# FED Tax on Real Estate?



## sunny225 (Dec 4, 2009)

Anyone know anything about this tax that is to come into effect in 2013? It's been stated that it's part of Obamacare. 3.8% on each real estate sale goes to the federal govt starting in January 2013.
This is very bad news.
If you're looking to sell your place & move to a better homestead, you might want to try to do that this year.

Ah, looks like this doesn't pertain to all sales, just some.
The problem is that I don't trust the govt at all & when something like this comes up, I don't put it past them to try it.


----------



## Pony (Jan 6, 2003)

That may explain the nosey Rosey from Jeff City who showed up on our doorstep, wanting to look at how many buildings we had, and asking how much we paid for the place.

That information is filed under "Nun-yoh" as in, "Nun-yoh bizniz."


----------



## wingnut64 (Jan 12, 2012)

Hope this helps.
http://www.snopes.com/politics/taxes/realestate.asp

Much of the world relies on misinformation to score points, but I would rather have the truth - good, bad or ugly.

The 3.8% is on profit of a sale of an investment home, PROFIT over a certain amount, between $250,000-$500,000.


----------



## Pony (Jan 6, 2003)

wingnut64 said:


> Hope this helps.
> http://www.snopes.com/politics/taxes/realestate.asp
> 
> Much of the world relies on misinformation to score points, but I would rather have the truth - good, bad or ugly.
> ...


Whew! <sigh of relief>

Thanks.


----------



## sunny225 (Dec 4, 2009)

But don't bet on them keeping it this way.
They need money & the only way they know to get money is to raise taxes on us taxpayers. 
We got our notice today that our PO box rent is going up $10. Glad we had already decided to get rid of it & use the box by the road.

ETA: Don't believe everything you read at snopes either. They are a leftist *couple* who don't put a lot of effort into confirming or debunking anything.


----------



## ldc (Oct 11, 2006)

sunny225, w/ regard to the PO BOX, that's quite a jump! Had a similar thing w/ a safety deposit box that went up to $158. Am looking for a different solution...


----------



## edcopp (Oct 9, 2004)

Not to worry. 

If you have worked all of your life and have your profit invested in real estate, you will be taxed again. This is your reward for your diligent hard work.

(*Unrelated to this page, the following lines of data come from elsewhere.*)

lemma E_ZB_affine_moments:
  "E_ZB \<pi> (\<lambda>Z Bs. (a * Z + b * Bs)\<^sup>2 + c) = a\<^sup>2 + b\<^sup>2 * \<gamma>\<^sup>2 + c"
  "E_ZB \<pi> (\<lambda>Z Bs. Bs * (a * Z + b * Bs)) = b * \<gamma>\<^sup>2"
proof -
  interpret pi: prob_space \<pi> by (rule pi_prob)
  interpret P: pair_prob_space gauss \<pi>
    by (intro pair_prob_spaceI prob_space_gauss pi_prob)
  have [measurable]: "(\<lambda>x. x) \<in> borel_measurable \<pi>"
    by (simp add: measurable_cong_sets[OF pi_sets refl])
  have pi_mean: "integrable \<pi> (\<lambda>x. x)"
    using pi.square_integrable_imp_integrable[of "\<lambda>x. x"] pi_mom(1) by simp
  have scaled_gauss: "integrable gauss (\<lambda>x. a * x)" "integrable gauss (\<lambda>x. (a * x)\<^sup>2)"
      "(\<integral>x. a * x \<partial>gauss) = 0" "(\<integral>x. (a * x)\<^sup>2 \<partial>gauss) = a\<^sup>2"
    using gauss_moments by (simp_all add: power_mult_distrib)
  have scaled_pi: "integrable \<pi> (\<lambda>x. b * x)" "integrable \<pi> (\<lambda>x. (b * x)\<^sup>2)"
      "(\<integral>x. (b * x)\<^sup>2 \<partial>\<pi>) = b\<^sup>2 * \<gamma>\<^sup>2"
    using pi_mean pi_mom by (simp_all add: power_mult_distrib)
  note square = P.integrable_product_add_square[OF scaled_gauss(1,2) scaled_pi(1,2)]
    P.integral_product_add_square[OF scaled_gauss(1,2) scaled_pi(1,2)]
  have "E_ZB \<pi> (\<lambda>Z Bs. (a * Z + b * Bs)\<^sup>2 + c) = (\<integral>p. (\<lambda>(x, y). (a * x + b * y)\<^sup>2) p + c \<partial>(gauss \<Otimes>\<^sub>M \<pi>))"
    unfolding E_ZB_def by (simp add: split_beta')
  also have "\<dots> = (\<integral>(x, y). (a * x + b * y)\<^sup>2 \<partial>(gauss \<Otimes>\<^sub>M \<pi>)) + c"
    using square(1) by (subst Bochner_Integration.integral_add) (auto simp: P.prob_space)
  also have "\<dots> = a\<^sup>2 + b\<^sup>2 * \<gamma>\<^sup>2 + c"
    unfolding square(2) scaled_gauss scaled_pi by simp
  finally show "E_ZB \<pi> (\<lambda>Z Bs. (a * Z + b * Bs)\<^sup>2 + c) = a\<^sup>2 + b\<^sup>2 * \<gamma>\<^sup>2 + c" .
  have one: "integrable gauss (\<lambda>_. 1::real)" and pi_square: "integrable \<pi> (\<lambda>x. b * x\<^sup>2)"
    using pi_mom by auto
  have "(\<lambda>(Z, Bs). Bs * (a * Z + b * Bs)) = (\<lambda>p. (\<lambda>(Z, Bs). (a * Z) * Bs) p + (\<lambda>(Z, Bs). 1 * (b * Bs\<^sup>2)) p)"
    by (auto simp: power2_eq_square algebra_simps)
  then have "E_ZB \<pi> (\<lambda>Z Bs. Bs * (a * Z + b * Bs))
      = (\<integral>x. a * x \<partial>gauss) * (\<integral>x. x \<partial>\<pi>) + (\<integral>x. 1 \<partial>gauss) * (\<integral>x. b * x\<^sup>2 \<partial>\<pi>)"
    unfolding E_ZB_def
    by (simp only: Bochner_Integration.integral_add P.integrable_product_mult P.integral_product_mult
        scaled_gauss(1) pi_mean one pi_square)
  then show "E_ZB \<pi> (\<lambda>Z Bs. Bs * (a * Z + b * Bs)) = b * \<gamma>\<^sup>2"
    using pi_mom gauss.prob_space by (simp add: gauss_moments gauss.borel_UNIV)
qed

context
  fixes q1 q2 q3 :: real
  assumes q1: "0 < q1" and q3: "0 \<le> q3"
begin

lemma h_avg_gauss_h_m:
  defines "a \<equiv> sqrt q3 / (1 + q1)" and "b \<equiv> (q2 + 1) / (1 + q1)"
  assumes "\<And>x. g x = u + v * x + w * x\<^sup>2"
  shows "h_avg gauss (h_m 1 q1 q2 q3 Bs Z) (1 / q1) g
    = u + v * (a * Z + b * Bs) + w * ((a * Z + b * Bs)\<^sup>2 + 1 / (1 + q1))"
proof -
  have "q1 * h_m 1 q1 q2 q3 Bs Z = sqrt q3 * Z + (q2 + 1) * Bs"
    unfolding h_m_def h_alpha_def h_sigma_def using q1 by (simp add: field_simps)
  then have mean: "q1 * h_m 1 q1 q2 q3 Bs Z / (1 + q1) = a * Z + b * Bs"
    unfolding a_def b_def by (simp add: add_divide_distrib[symmetric])
  show ?thesis
    unfolding h_avg_gauss_quadratic[OF q1 assms(3)] mean ..
qed

lemma
  defines "a \<equiv> sqrt q3 / (1 + q1)" and "b \<equiv> (q2 + 1) / (1 + q1)"
  shows h_cB_gauss: "h_cB \<pi> gauss 1 q1 q2 q3 = ((q2 + 1)\<^sup>2 * \<gamma>\<^sup>2 + q3) / (q1 + 1)\<^sup>2"
    and h_vB_gauss: "h_vB \<pi> gauss 1 q1 q2 q3 = 1 / (q1 + 1) + h_cB \<pi> gauss 1 q1 q2 q3"
    and h_cBB_gauss: "h_cBB \<pi> gauss 1 q1 q2 q3 = (q2 + 1) * \<gamma>\<^sup>2 / (q1 + 1)"
proof -
  note post = h_avg_gauss_h_m[folded a_def b_def]
  have "h_cB \<pi> gauss 1 q1 q2 q3 = E_ZB \<pi> (\<lambda>Z Bs. (a * Z + b * Bs)\<^sup>2 + 0)"
    unfolding h_cB_def using post[where u = 0 and v = 1 and w = 0] by simp
  also have "\<dots> = a\<^sup>2 + b\<^sup>2 * \<gamma>\<^sup>2"
    using E_ZB_affine_moments(1)[of a b 0] by simp
  finally have cB: "h_cB \<pi> gauss 1 q1 q2 q3 = a\<^sup>2 + b\<^sup>2 * \<gamma>\<^sup>2" .
  then show "h_cB \<pi> gauss 1 q1 q2 q3 = ((q2 + 1)\<^sup>2 * \<gamma>\<^sup>2 + q3) / (q1 + 1)\<^sup>2"
    unfolding a_def b_def using q1 q3 by (simp add: power_divide add.commute add_divide_distrib[symmetric])
  have "h_vB \<pi> gauss 1 q1 q2 q3 = E_ZB \<pi> (\<lambda>Z Bs. (a * Z + b * Bs)\<^sup>2 + 1 / (1 + q1))"
    unfolding h_vB_def using post[where u = 0 and v = 0 and w = 1] by simp
  then show "h_vB \<pi> gauss 1 q1 q2 q3 = 1 / (q1 + 1) + h_cB \<pi> gauss 1 q1 q2 q3"
    unfolding cB E_ZB_affine_moments(1) by simp
  have "h_avg gauss (h_m 1 q1 q2 q3 Bs Z) (1 / q1) (\<lambda>x. x * Bs) = Bs * (a * Z + b * Bs)" for Bs Z
    by (subst post[where u = 0 and v = Bs and w = 0]) simp_all
  then have "h_cBB \<pi> gauss 1 q1 q2 q3 = E_ZB \<pi> (\<lambda>Z Bs. Bs * (a * Z + b * Bs))"
    unfolding h_cBB_def by simp
  then show "h_cBB \<pi> gauss 1 q1 q2 q3 = (q2 + 1) * \<gamma>\<^sup>2 / (q1 + 1)"
    unfolding E_ZB_affine_moments(2) b_def by (simp add: add.commute)
qed

end

end

lemma fixed_point_r1:
  fixes \<kappa> q :: real
  assumes "0 \<le> \<kappa>" "0 < q" and fixed: "q = 1 / (\<kappa> / (q + 1) + 1)"
  shows "q = sqrt ((\<kappa> / 2)\<^sup>2 + 1) - \<kappa> / 2"
proof -
  have "q * (q + 1 + \<kappa>) = q + 1"
    using fixed assms(1,2) by (simp add: field_simps)
  then have "(q + \<kappa> / 2)\<^sup>2 = (\<kappa> / 2)\<^sup>2 + 1"
    by (simp add: power2_eq_square algebra_simps)
  then have "sqrt ((\<kappa> / 2)\<^sup>2 + 1) = q + \<kappa> / 2"
    by (rule real_sqrt_unique) (use assms(1,2) in simp)
  then show ?thesis
    by simp
qed

theorem proposition2:
  fixes \<kappa> \<gamma> vB cB cBB :: real and \<pi> \<mu> :: "real measure"
  assumes kappa: "\<kappa> > 0" and gamma: "\<gamma> > 0"
    and pi_prob: "prob_space \<pi>" and pi_sets: "sets \<pi> = sets borel"
    and pi_mom: "integrable \<pi> (\<lambda>x. x\<^sup>2)" "(\<integral>x. x\<^sup>2 \<partial>\<pi>) = \<gamma>\<^sup>2"
    and mu_prob: "prob_space \<mu>" and mu_sets: "sets \<mu> = sets borel"
    and adm: "0 \<le> cB" "cB \<le> vB" "cBB\<^sup>2 \<le> \<gamma>\<^sup>2 * cB"
  shows
    "(r1 T_lin A_lin \<kappa> \<gamma> vB cB cBB = 1 / (\<kappa> * (vB - cB) + 1)
     \<and> r2 T_lin A_lin \<kappa> \<gamma> vB cB cBB = - (\<kappa> * (vB - cB)) / (\<kappa> * (vB - cB) + 1)
     \<and> r3 T_lin A_lin \<kappa> \<gamma> vB cB cBB
         = (\<kappa> * (\<gamma>\<^sup>2 + cB - 2 * cBB) + 1) / (\<kappa> * (vB - cB) + 1)\<^sup>2)
     \<and> (\<mu> = gauss \<and> (\<integral>x. x \<partial>\<pi>) = 0 \<longrightarrow>
     (let q1 = r1 T_lin A_lin \<kappa> \<gamma> vB cB cBB;
          q2 = r2 T_lin A_lin \<kappa> \<gamma> vB cB cBB;
          q3 = r3 T_lin A_lin \<kappa> \<gamma> vB cB cBB
      in h_vB \<pi> \<mu> 1 q1 q2 q3 = 1 / (q1 + 1) + h_cB \<pi> \<mu> 1 q1 q2 q3
       \<and> h_cB \<pi> \<mu> 1 q1 q2 q3 = ((q2 + 1)\<^sup>2 * \<gamma>\<^sup>2 + q3) / (q1 + 1)\<^sup>2
       \<and> h_cBB \<pi> \<mu> 1 q1 q2 q3 = (q2 + 1) * \<gamma>\<^sup>2 / (q1 + 1)))
     \<and> (\<mu> = gauss \<and> (\<integral>x. x \<partial>\<pi>) = 0 \<longrightarrow>
     (let q1 = r1 T_lin A_lin \<kappa> \<gamma> vB cB cBB;
          q2 = r2 T_lin A_lin \<kappa> \<gamma> vB cB cBB;
          q3 = r3 T_lin A_lin \<kappa> \<gamma> vB cB cBB
      in vB = h_vB \<pi> \<mu> 1 q1 q2 q3 \<and> cB = h_cB \<pi> \<mu> 1 q1 q2 q3 \<and> cBB = h_cBB \<pi> \<mu> 1 q1 q2 q3
         \<longrightarrow> q1 = q2 + 1 \<and> q2 + 1 = sqrt ((\<kappa> / 2)\<^sup>2 + 1) - \<kappa> / 2))"
proof -
  define q1 where "q1 = r1 T_lin A_lin \<kappa> \<gamma> vB cB cBB"
  define q2 where "q2 = r2 T_lin A_lin \<kappa> \<gamma> vB cB cBB"
  define q3 where "q3 = r3 T_lin A_lin \<kappa> \<gamma> vB cB cBB"
  have k: "0 \<le> \<kappa> * (vB - cB)"
    using kappa adm by simp
  have q1_val: "q1 = 1 / (\<kappa> * (vB - cB) + 1)" and q2_val: "q2 = - (\<kappa> * (vB - cB)) / (\<kappa> * (vB - cB) + 1)"
    and q3_val: "q3 = (\<kappa> * (\<gamma>\<^sup>2 + cB - 2 * cBB) + 1) / (\<kappa> * (vB - cB) + 1)\<^sup>2"
    unfolding q1_def q2_def q3_def
    using r1_lin[OF adm(1) k] r2_lin[OF adm(1) k] r3_lin[OF less_imp_le[OF kappa] adm] by simp_all
  have q1_pos: "0 < q1" and q2_q1: "q2 + 1 = q1"
    using k by (simp_all add: q1_val q2_val field_simps)
  have q3_nonneg: "0 \<le> q3"
    unfolding q3_def by (rule r3_nonneg)
  note h_gauss = h_cB_gauss[OF pi_prob pi_sets pi_mom q1_pos q3_nonneg]
    h_vB_gauss[OF pi_prob pi_sets pi_mom q1_pos q3_nonneg]
    h_cBB_gauss[OF pi_prob pi_sets pi_mom q1_pos q3_nonneg]
  have fixed_point: "q1 = sqrt ((\<kappa> / 2)\<^sup>2 + 1) - \<kappa> / 2" if "vB - cB = 1 / (q1 + 1)"
    using fixed_point_r1[OF less_imp_le[OF kappa] q1_pos] q1_val unfolding that times_divide_eq_right mult_1_right by simp
  show ?thesis
    unfolding Let_def q1_def[symmetric] q2_def[symmetric] q3_def[symmetric]
    using q1_val[symmetric] q2_val[symmetric] q3_val[symmetric] h_gauss q2_q1 fixed_point by auto
qed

There are enough folks on welfare who ain't got nuttin' at all, who are registered to vote to insure that you get to pay some more.:yawn:


----------



## wingnut64 (Jan 12, 2012)

sunny225 said:


> But don't bet on them keeping it this way.
> They need money & the only way they know to get money is to raise taxes on us taxpayers.
> We got our notice today that our PO box rent is going up $10. Glad we had already decided to get rid of it & use the box by the road.
> 
> ETA: Don't believe everything you read at snopes either. They are a leftist *couple* who don't put a lot of effort into confirming or debunking anything.




No, you shouldn't take one source, but since I had already read and researched this over a year ago, but didn't feel like tracking down the section and paragraph in the bill itself, I just used a convenient link that had the facts I already knew to be true.
One's ploitics doesn't concern me as long as the information is true.


----------



## stickinthemud (Sep 10, 2003)

So this will only affect a few people next year? How about ten years down the road, after inflation has taken hold like it did for the "Alternative Minimum Tax"? The AMT was only supposed to hit the 'rich' but inflation created a lot more 'rich' people than originally intended. Somehow Congress has never got around to correcting that. 
Thanks for the heads-up on this.


----------